Mi padre murió la primavera de 1978 cuando yo tenía 15 años (“Abril es el mes más cruel”). Mientras escribo me doy cuenta de que muchos de los recuerdos que conservo de él tienen que ver con la comida. Por ejemplo, unas croquetas muy pequeñas de un sabor irresistible y distinto que servían en la cafetería de los edificios Trade, esa maravilla de modernidad inigualada de José Antonio Coderch, que mi padre tomó al asalto en cuanto abrieron. También fue creador de conceptos gastronómicos, mientras trabajaba para el hotel entonces llamado Princesa Sofía. Uno de sus restaurantes, el Snack 2002, era algo así como un diner ilustrado con vocación de atraer al público de la calle. La cercanía con el Camp Nou le dio a mi padre la idea de crear un plato combinado (cuándo regresaremos, por Dios, al plato combinado…) inspirado en el equipo que cada dos semanas visitaba el estadio culé. Allí descubrí algunos productos regionales que han marcado mis días: la chistorra, la sobrasada, la empanada, la morcilla de arroz, el cazón adobado…
En cambio, no recuerdo nada de lo que nos sirvieron, pero conservo fresco el asombro ante una comida extraordinaria en Villanueva de Gállego, cerca de Zaragoza, tras una visita a la fábrica de la papelera Sarrió, cuando trabajaba en la imprenta de mis padres. La sensación de estar en un lugar muy normal donde todo era riquísimo y refinado. El restaurante se llamaba, aún se llama, según creo, La Casa del Ventero. Entonces no lo sabía, pero llegaron a ostentar una estrella Michelin. Se notaba.
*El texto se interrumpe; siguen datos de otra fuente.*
lemma pure_factor:
  assumes pq: "pure n (p * q)"
  shows "\<exists>a. pure a p"
proof -
  define S where "S r = {i. coeff r i \<notin> M}" for r :: "'a poly"
  have fin: "finite (S r)" for r
  proof (rule finite_subset)
    show "S r \<subseteq> {..degree r}"
      using zero_in_M by (auto simp: S_def intro!: le_degree)
  qed simp
  have nonempty: "S p \<noteq> {}" "S q \<noteq> {}"
    using pq coeff_mult_in_M[of n p q] coeff_mult_in_M[of n q p]
    unfolding pure_def S_def by (auto simp: mult.commute)
  \<comment> \<open>The lowest indices outside M add up to n, and so do the highest ones; hence p has only one.\<close>
  have "Min (S p) + Min (S q) = n"
  proof -
    have "coeff (p * q) (Min (S p) + Min (S q)) \<notin> M"
    proof (rule coeff_mult_not_in_M)
      fix i assume "i \<le> Min (S p) + Min (S q)" "i \<noteq> Min (S p)"
      then have "i < Min (S p) \<or> Min (S p) + Min (S q) - i < Min (S q)"
        by linarith
      then show "coeff p i \<in> M \<or> coeff q (Min (S p) + Min (S q) - i) \<in> M"
        using Min_le[OF fin] unfolding S_def by (meson mem_Collect_eq not_le)
    qed (use Min_in[OF fin] nonempty in \<open>auto simp: S_def\<close>)
    then show ?thesis
      using pq unfolding pure_def by auto
  qed
  moreover have "Max (S p) + Max (S q) = n"
  proof -
    have "coeff (p * q) (Max (S p) + Max (S q)) \<notin> M"
    proof (rule coeff_mult_not_in_M)
      fix i assume "i \<le> Max (S p) + Max (S q)" "i \<noteq> Max (S p)"
      then have "i > Max (S p) \<or> Max (S p) + Max (S q) - i > Max (S q)"
        by linarith
      then show "coeff p i \<in> M \<or> coeff q (Max (S p) + Max (S q) - i) \<in> M"
        using Max_ge[OF fin] unfolding S_def by (meson mem_Collect_eq not_le)
    qed (use Max_in[OF fin] nonempty in \<open>auto simp: S_def\<close>)
    then show ?thesis
      using pq unfolding pure_def by auto
  qed
  moreover have "Min (S p) \<le> Max (S p)" "Min (S q) \<le> Max (S q)"
    using fin nonempty by simp_all
  ultimately have "Min (S p) = Max (S p)"
    by linarith
  then have "i = Min (S p)" if "i \<in> S p" for i
    using Min_le[OF fin that] Max_ge[OF fin that] by linarith
  then have "pure (Min (S p)) p"
    using Min_in[OF fin nonempty(1)] unfolding pure_def S_def by blast
  then show ?thesis ..
qed
lemma splits_on_copies_iff:
  assumes "copies As As1 As2"
  shows "splits_on (set As) U (U \<circ> repl As As1) (U \<circ> repl As As2) \<longleftrightarrow>
    (\<forall>i<length As. U (As ! i) = U (As1 ! i) \<union> U (As2 ! i) \<and> U (As1 ! i) \<inter> U (As2 ! i) = {})"
  using assms by (simp add: splits_on_def copies_def all_set_conv_all_nth repl_nth)

lemma copies_of_splits_on:
  fixes U U1 U2 U1' U2' :: "nat \<Rightarrow> 'b set"
  assumes cp: "copies As As1 As2"
    and X: "X1 \<inter> X2 = {}" "(X1 \<union> X2) \<inter> (set As \<union> set As1 \<union> set As2) = {}"
      "X1 \<union> X2 \<union> set As1 \<union> set As2 \<subseteq> X"
    and split: "splits_on UNIV U U1 U2" and eq: "eq_outside X1 U1 U1'" "eq_outside X2 U2 U2'"
    and S: "\<forall>a. U a \<subseteq> S" "\<forall>a. U1' a \<subseteq> S" "\<forall>a. U2' a \<subseteq> S"
  obtains V where "eq_outside X U V" "splits_on (set As) V (V \<circ> repl As As1) (V \<circ> repl As As2)"
    "\<forall>a\<in>set As \<union> X1. V (repl As As1 a) = U1' a" "\<forall>a\<in>set As \<union> X2. V (repl As As2 a) = U2' a"
    "\<forall>a. V a \<subseteq> S"
proof
  have dist: "distinct As" "distinct As1" "distinct As2"
    and disj: "set As \<inter> set As1 = {}" "set As \<inter> set As2 = {}" "set As1 \<inter> set As2 = {}"
    and len: "length As1 = length As" "length As2 = length As"
    using cp by (auto simp: copies_def)
  define V where "V a = (if a \<in> X1 then U1' a else if a \<in> X2 then U2' a
      else if a \<in> set As1 then U1 (repl As1 As a) else if a \<in> set As2 then U2 (repl As2 As a)
      else U a)" for a
  show "eq_outside X U V"
    using X(3) by (auto simp: eq_outside_def V_def)
  have fresh: "a \<notin> set As" "a \<notin> set As1" "a \<notin> set As2" if "a \<in> X1 \<union> X2" for a
    using that X(2) by auto
  have V1: "V (repl As As1 a) = U1' a" if "a \<in> set As \<union> X1" for a
    using that fresh[of a] fresh[of "repl As As1 a"] repl_in_set[of As As1 a] eq(1) dist len
    by (cases "a \<in> X1") (auto simp: V_def eq_outside_def repl_notin repl_repl)
  have V2: "V (repl As As2 a) = U2' a" if "a \<in> set As \<union> X2" for a
    using that fresh[of a] fresh[of "repl As As2 a"] repl_in_set[of As As2 a] X(1) disj(3) eq(2)
      dist len by (cases "a \<in> X2") (auto simp: V_def eq_outside_def repl_notin repl_repl)
  show "\<forall>a\<in>set As \<union> X1. V (repl As As1 a) = U1' a"
    "\<forall>a\<in>set As \<union> X2. V (repl As As2 a) = U2' a"
    using V1 V2 by blast+
  show "splits_on (set As) V (V \<circ> repl As As1) (V \<circ> repl As As2)"
    unfolding splits_on_def
  proof
    fix a assume a: "a \<in> set As"
    then have "V a = U a" "U1' a = U1 a" "U2' a = U2 a"
      using X(2) disj eq by (auto simp: V_def eq_outside_def)
    then show "V a = (V \<circ> repl As As1) a \<union> (V \<circ> repl As As2) a \<and>
        (V \<circ> repl As As1) a \<inter> (V \<circ> repl As As2) a = {}"
      using a V1 V2 split by (simp add: splits_on_def)
  qed
  show "\<forall>a. V a \<subseteq> S"
    using S split by (auto simp: V_def splits_on_def)
qed

lemma splits_on_of_copies:
  fixes U V :: "nat \<Rightarrow> 'b set"
  assumes X: "eq_outside X U V" "X \<inter> set As = {}" "X1 \<inter> set As = {}" "X2 \<inter> set As = {}"
    and split: "splits_on (set As) V (V \<circ> repl As As1) (V \<circ> repl As As2)"
    and S: "\<forall>a. U a \<subseteq> S" "\<forall>a. V a \<subseteq> S"
  obtains U1 U2 U1' U2' where "splits_on UNIV U U1 U2"
    "eq_outside X1 U1 U1'" "eq_outside X2 U2 U2'"
    "\<forall>a\<in>set As \<union> X1. U1' a = V (repl As As1 a)" "\<forall>a\<in>set As \<union> X2. U2' a = V (repl As As2 a)"
    "\<forall>a. U1' a \<subseteq> S" "\<forall>a. U2' a \<subseteq> S"
proof
  define U1 where "U1 a = (if a \<in> set As then V (repl As As1 a) else U a)" for a
  define U2 where "U2 a = (if a \<in> set As then V (repl As As2 a) else {})" for a
  define U1' where "U1' a = (if a \<in> X1 then V a else U1 a)" for a
  define U2' where "U2' a = (if a \<in> X2 then V a else U2 a)" for a
  show "splits_on UNIV U U1 U2"
    using X(1,2) split by (auto simp: splits_on_def eq_outside_def U1_def U2_def)
  show "eq_outside X1 U1 U1'" "eq_outside X2 U2 U2'"
    by (auto simp: eq_outside_def U1'_def U2'_def)
  show "\<forall>a\<in>set As \<union> X1. U1' a = V (repl As As1 a)" "\<forall>a\<in>set As \<union> X2. U2' a = V (repl As As2 a)"
    using X(3,4) by (auto simp: U1'_def U2'_def U1_def U2_def repl_notin)
  show "\<forall>a. U1' a \<subseteq> S" "\<forall>a. U2' a \<subseteq> S"
    using S by (auto simp: U1'_def U2'_def U1_def U2_def)
qed

lemma finite_syms: "finite (usyms F)" "finite (bsyms F)"
  by (induction F) auto

lemma rename_simps:
  "star_free (rename \<sigma> \<tau> F) = star_free F" "vars (rename \<sigma> \<tau> F) = vars F"
  "usyms (rename \<sigma> \<tau> F) = \<sigma> ` usyms F" "bsyms (rename \<sigma> \<tau> F) = \<tau> ` bsyms F"
  by (induction F) auto

lemma bigconj_simps:
  "star_free (bigconj Fs) = (\<forall>F\<in>set Fs. star_free F)"
  "vars (bigconj Fs) = (\<Union>F\<in>set Fs. vars F)"
  "usyms (bigconj Fs) = (\<Union>F\<in>set Fs. usyms F)"
  "bsyms (bigconj Fs) = (\<Union>F\<in>set Fs. bsyms F)"
  by (induction Fs) (auto simp: bigconj_def)

lemma Iff_simps [simp]:
  "sem D U B v (Iff p q) = (sem D U B v p = sem D U B v q)"
  "star_free (Iff p q) = (star_free p \<and> star_free q)"
  "vars (Iff p q) = vars p \<union> vars q" "usyms (Iff p q) = usyms p \<union> usyms q"
  "bsyms (Iff p q) = bsyms p \<union> bsyms q"
  by (auto simp: Iff_def)

lemma part_simps [simp]:
  "star_free (part_u A A1 A2)" "vars (part_u A A1 A2) = {0}"
  "usyms (part_u A A1 A2) = {A, A1, A2}" "bsyms (part_u A A1 A2) = {}"
  "star_free (part_b f f1 f2)" "vars (part_b f f1 f2) = {0, 1}"
  "usyms (part_b f f1 f2) = {}" "bsyms (part_b f f1 f2) = {f, f1, f2}"
  by (auto simp: part_u_def part_b_def)

lemma sem_cong:
  "star_free F \<Longrightarrow> (\<forall>a\<in>usyms F. U a = U' a) \<Longrightarrow> (\<forall>f\<in>bsyms F. B f = B' f)
   \<Longrightarrow> sem D U B v F = sem D U' B' v F"
  by (induction F arbitrary: v) auto

lemma sem_rename:
  "star_free F \<Longrightarrow> sem D U B v (rename \<sigma> \<tau> F) = sem D (U \<circ> \<sigma>) (B \<circ> \<tau>) v F"
  by (induction F arbitrary: v) auto

lemma sem_bigconj: "sem D U B v (bigconj Fs) \<longleftrightarrow> (\<forall>F\<in>set Fs. sem D U B v F)"
  by (induction Fs) (auto simp: bigconj_def)

lemma sem_Star_splits_on:
  "sem D U B v (Star p q) \<longleftrightarrow>
     (\<exists>U1 U2 B1 B2. splits_on UNIV U U1 U2 \<and> splits_on UNIV B B1 B2 \<and>
        sem D U1 B1 v p \<and> sem D U2 B2 v q)"
  by (simp add: splits_on_def)

lemma env_ok_splits_on:
  assumes "env_ok D U B v" "splits_on UNIV U U1 U2" "splits_on UNIV B B1 B2"
  shows "env_ok D U1 B1 v" "env_ok D U2 B2 v"
  using assms unfolding env_ok_def splits_on_def by blast+

lemma sem_part_u:
  "(\<forall>a. U a \<subseteq> D) \<Longrightarrow>
   sem D U B v (part_u A A1 A2) \<longleftrightarrow> U A = U A1 \<union> U A2 \<and> U A1 \<inter> U A2 = {}"
  unfolding part_u_def by simp blast

lemma sem_part_b:
  "(\<forall>f. B f \<subseteq> D \<times> D) \<Longrightarrow>
   sem D U B v (part_b f f1 f2) \<longleftrightarrow> B f = B f1 \<union> B f2 \<and> B f1 \<inter> B f2 = {}"
  unfolding part_b_def by simp blast

lemma sem_sep_fm:
  assumes "copies As As1 As2" "copies fs fs1 fs2" "star_free G1" "star_free G2"
    and "\<forall>a. U a \<subseteq> D" "\<forall>f. B f \<subseteq> D \<times> D"
  shows "sem D U B v (sep_fm As As1 As2 fs fs1 fs2 G1 G2) \<longleftrightarrow>
    splits_on (set As) U (U \<circ> repl As As1) (U \<circ> repl As As2) \<and>
    splits_on (set fs) B (B \<circ> repl fs fs1) (B \<circ> repl fs fs2) \<and>
    sem D (U \<circ> repl As As1) (B \<circ> repl fs fs1) v G1 \<and>
    sem D (U \<circ> repl As As2) (B \<circ> repl fs fs2) v G2"
  using assms
  by (auto simp: sep_fm_def sem_bigconj sem_rename sem_part_u sem_part_b splits_on_copies_iff)

lemma C2_sep_fm: "C2 G1 \<Longrightarrow> C2 G2 \<Longrightarrow> C2 (sep_fm As As1 As2 fs fs1 fs2 G1 G2)"
  by (auto simp: C2_def sep_fm_def bigconj_simps rename_simps)

lemma syms_sep_fm:
  assumes "length As1 = length As" "length As2 = length As"
    "length fs1 = length fs" "length fs2 = length fs"
  shows "usyms (sep_fm As As1 As2 fs fs1 fs2 G1 G2) \<subseteq>
      set As \<union> set As1 \<union> set As2 \<union> usyms G1 \<union> usyms G2"
    "bsyms (sep_fm As As1 As2 fs fs1 fs2 G1 G2) \<subseteq>
      set fs \<union> set fs1 \<union> set fs2 \<union> bsyms G1 \<union> bsyms G2"
  using assms repl_image_subset[of As As1 "usyms G1"] repl_image_subset[of As As2 "usyms G2"]
    repl_image_subset[of fs fs1 "bsyms G1"] repl_image_subset[of fs fs2 "bsyms G2"]
  by (auto simp: sep_fm_def bigconj_simps rename_simps dest: nth_mem)

section \<open>Existential quantification of fresh symbols\<close>

definition sem_ex ::
  "nat set \<Rightarrow> nat set \<Rightarrow> nat set \<Rightarrow> (nat \<Rightarrow> nat set) \<Rightarrow> (nat \<Rightarrow> (nat \<times> nat) set) \<Rightarrow>
    (nat \<Rightarrow> nat) \<Rightarrow> fm \<Rightarrow> bool"
  where "sem_ex X Y D U B v G \<longleftrightarrow>
    (\<exists>U' B'. eq_outside X U U' \<and> eq_outside Y B B' \<and> env_ok D U' B' v \<and> sem D U' B' v G)"

definition equiv_ex :: "nat set \<Rightarrow> nat set \<Rightarrow> fm \<Rightarrow> fm \<Rightarrow> bool" where
  "equiv_ex X Y F G \<longleftrightarrow>
    (\<forall>D U B v. env_ok D U B v \<longrightarrow> (sem D U B v F \<longleftrightarrow> sem_ex X Y D U B v G))"

lemma equiv_ex_refl: "equiv_ex {} {} F F"
  by (simp add: equiv_ex_def sem_ex_def)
De Barcelona añoro intensamente la intimidad rutinaria de Can Massana, en la Plaza Camp. Era un local hermoso e intrincado, gobernado por veteranos de todas las guerras que dirigían nuestras vidas con una jerarquía natural e indudable. De allí no he conseguido olvidar un plato extraño que compartí con Sacha y que Sacha ha jurado remedar algún día: los huevos a la turca. Por lo que yo sé, sólo el genio invencible de Abraham García se ha acercado a esa locura de horno, tomate, huevos y riñones al jerez.
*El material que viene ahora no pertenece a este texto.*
lemma nth_concat_coeff_list:
  assumes "q < length ps" "d < L"
  shows "concat (map (coeff_list L) ps) ! (q * L + d) = coeff (ps ! q) d"
  using assms
proof (induction ps arbitrary: q)
  case (Cons p ps)
  then show ?case
    by (cases q) (simp_all add: coeff_list_def nth_append add.assoc)
qed simp

lemma nth_concat_coeff_list_div_mod:
  assumes "u < L * length ps"
  shows "concat (map (coeff_list L) ps) ! u = coeff (ps ! (u div L)) (u mod L)"
proof -
  have "0 < L" using assms by (cases L) auto
  moreover have "u div L < length ps"
    using assms by (simp add: less_mult_imp_div_less mult.commute)
  ultimately show ?thesis
    using nth_concat_coeff_list[of "u div L" ps "u mod L" L] by simp
qed

lemma coeff_list2_conv_concat: "coeff_list2 lx ly p = concat (map (coeff_list lx) (map (coeff p) [0..<ly]))"
  by (simp add: coeff_list2_def comp_def)

lemma kronecker_coeff_cong:
  "(\<And>i j. i < K \<Longrightarrow> e i j = e' i j) \<Longrightarrow> kronecker_coeff N K e d = kronecker_coeff N K e' d"
  unfolding kronecker_coeff_def by (intro sum.cong) auto

definition subst_poly :: "nat \<Rightarrow> nat \<Rightarrow> bool \<Rightarrow> 'a::comm_ring_1 \<Rightarrow> 'a poly poly \<Rightarrow> 'a poly" where
  "subst_poly N l rvs s p = (if rvs then sub_rev N l s p else sub_pos N s p)"

definition subst_entry :: "nat \<Rightarrow> bool \<Rightarrow> 'a::comm_ring_1 \<Rightarrow> 'a poly poly \<Rightarrow> nat \<Rightarrow> nat \<Rightarrow> 'a" where
  "subst_entry l rvs s p i j =
     (let i' = if rvs then l - 1 - i else i in if i < l then s ^ i' * coeff (coeff p i') j else 0)"
(* Let $\mathcal{X}\subset\mathbb{R}^d$ be a compact hyperrectangle, $\mathbf{F}=(f_1,\dots,f_M):\mathcal{X}\to\mathbb{R}^M$, and $\mathcal{X}^\star$ the Pareto set of $\mathbf{F}$ (for minimization). Let $\mathcal{S}_t$ be the set of points sampled by the algorithm MOHOLLM described in the context up to iteration $t$, and assume Assumptions (A1)–(A5) of the context hold. Let $\mathbf{r}\in\mathbb{R}^M$ be a reference point dominated by every point of $\mathbf{F}(\mathcal{X})$. Then $HV(\mathbf{F}(\mathcal{S}_t))\to HV(\mathbf{F}(\mathcal{X}^\star))$ almost surely as $t\to\infty$.
   Context: Pareto dominance: $x\prec x'$ iff $f_i(x)\le f_i(x')$ for all $i$ and $f_j(x)<f_j(x')$ for some $j$; the Pareto set is $\mathcal{X}^\star=\{x\in\mathcal{X}:\nexists x'\in\mathcal{X},\ x'\prec x\}$. Hypervolume: for $\mathcal{Y}\subset\mathbb{R}^M$, $HV(\mathcal{Y})$ is the Lebesgue measure of $\bigcup_{\mathbf{y}\in\mathcal{Y}}\{\mathbf{z}\in\mathbb{R}^M:\mathbf{y}\preceq\mathbf{z}\preceq\mathbf{r}\}$ (componentwise order). The algorithm: at each iteration $t$ it maintains a hierarchical partition of $\mathcal{X}$ (a KD-tree with axis-aligned splits), whose leaves $\{R_1,\dots,R_{K_t}\}$ are disjoint hyperrectangular regions covering $\mathcal{X}$. Each leaf $R_k$ is selected at iteration $t$ with probability $\pi_k(t)$; inside each selected leaf $R_j$, new points are generated by a sampler (an LLM) from a conditional density $p(x\mid R_j)$ and added to the sample set $\mathcal{S}_t$. Leaves may be split over time. Assumptions: (A1) each $f_i$ is Lipschitz continuous. (A2) For any infinite sequence of nested regions $R_1\supset R_2\supset\cdots$ generated along a branch of the tree, $\lim_{t\to\infty}\mathrm{diam}(R_t)=0$. (A3) For any leaf region $R_k$ created at iteration $t_0$, $\sum_{t=t_0}^{\infty}\pi_k(t)=\infty$ almost surely. (A4) Any leaf region selected infinitely often is split infinitely often, producing child regions of strictly smaller diameter. (A5) There exists $\eta>0$ such that for any selected region $R_j$ and any measurable ball $B\subset R_j$, $\int_B p(x\mid R_j)\,dx\ge \eta\,\mathrm{vol}(B)/\mathrm{vol}(R_j)$. *)

theory Defs
  imports "HOL-Analysis.Analysis" "HOL-Probability.Probability"
begin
La Puñalada cerró en 1998, ahogado por las deudas, y el local lo ocupó la oficina de un banco, construyendo con ello una performance profundamente poética que Brossa hubiera envidiado.
Sin La Puñalada y sin Vinçon en el Paseo de Gràcia ¿qué queda de nosotros?
Mis primeros viajes a Madrid los hice con mis padres. Cruzábamos media España en el tren nocturno de Wagons-Lits y amanecíamos en el frío seco y peludo de Chamartín. Solíamos comer en un lugar que mis padres llamaban el Valentín Viejo, un lugar de impecable clasicismo, decorado con fotos de celebridades, donde descubrí las ancas de rana y el revuelto de trigueros, una de las formas misteriosas de la divinidad.
Años después, mi queridísimo amigo Fernando Rodrigo me descubrió el Handicap 2, de la calle General Oráa, un restaurante minúsculo y cálido, propiedad del bailarín Juan Contreras, que recitaba de memoria con una gracia casi lírica una carta extensa y estimulante. De allí recuerdo el Kung Fú de aguacate con bonito, vinagreta y mahonesa, o las patatas del Astronauta, una versión limpia y sabrosa de los huevos rotos. Pero sobre todo la revelación del morcillo, acompañado de unas patatitas fritas cortadas a dados que crujían entre la melosidad de la carne. Durante años viajar a Madrid fue para mí una excusa para cenar allí.
También fue Fernando, Nano, quien nos introdujo en la insondable erudición fantasiosa de Arturo Pardos, Duque de Gastronia, y la sabiduría de Stéphane Guerín, en La Gastroteca de la Plaza de Chueca. Allí descubrí, obviamente, la virginidad de la raya.
Más adelante, durante el largo viaje anual al Festival de Cannes, Merche y yo empezamos a descubrir la inmensa Francia. No estoy seguro de si fue en La Chèvre d’Or, en Èze, o en Le Cagnard, en Cagnes-sur-Mer donde nos iniciamos en la decisiva importancia del punto, al comer unas judías verdes al dente, llenas de una crocancia por completo desconocida para nosotros. Una parte de nuestro mundo, constituido por texturas pastosas e insípidas y colores desvaídos, desapareció en ese momento.
Hablo de Francia y casualmente, si es que la casualidad existe, me tropiezo con Proust, el de la magdalena. Nadie mejor para titular y para cerrar este artículo tan inagotable, tan tedioso, tan esquivo, como la memoria.
“Pero cuando ya nada subsiste de un pasado antiguo, cuando ha muerto la gente y se han estropeado las cosas dispersas, solos, más frágiles, más vivos, más inmateriales, más persistentes y más fieles que nunca, el olor y el sabor perduran mucho más, como las almas, y recuerdan, y aguardan y esperan, sobre las ruinas de todo, y soportan sin doblegarse, en la minúscula e impalpable gota de su esencia, la enorme estructura del recuerdo.”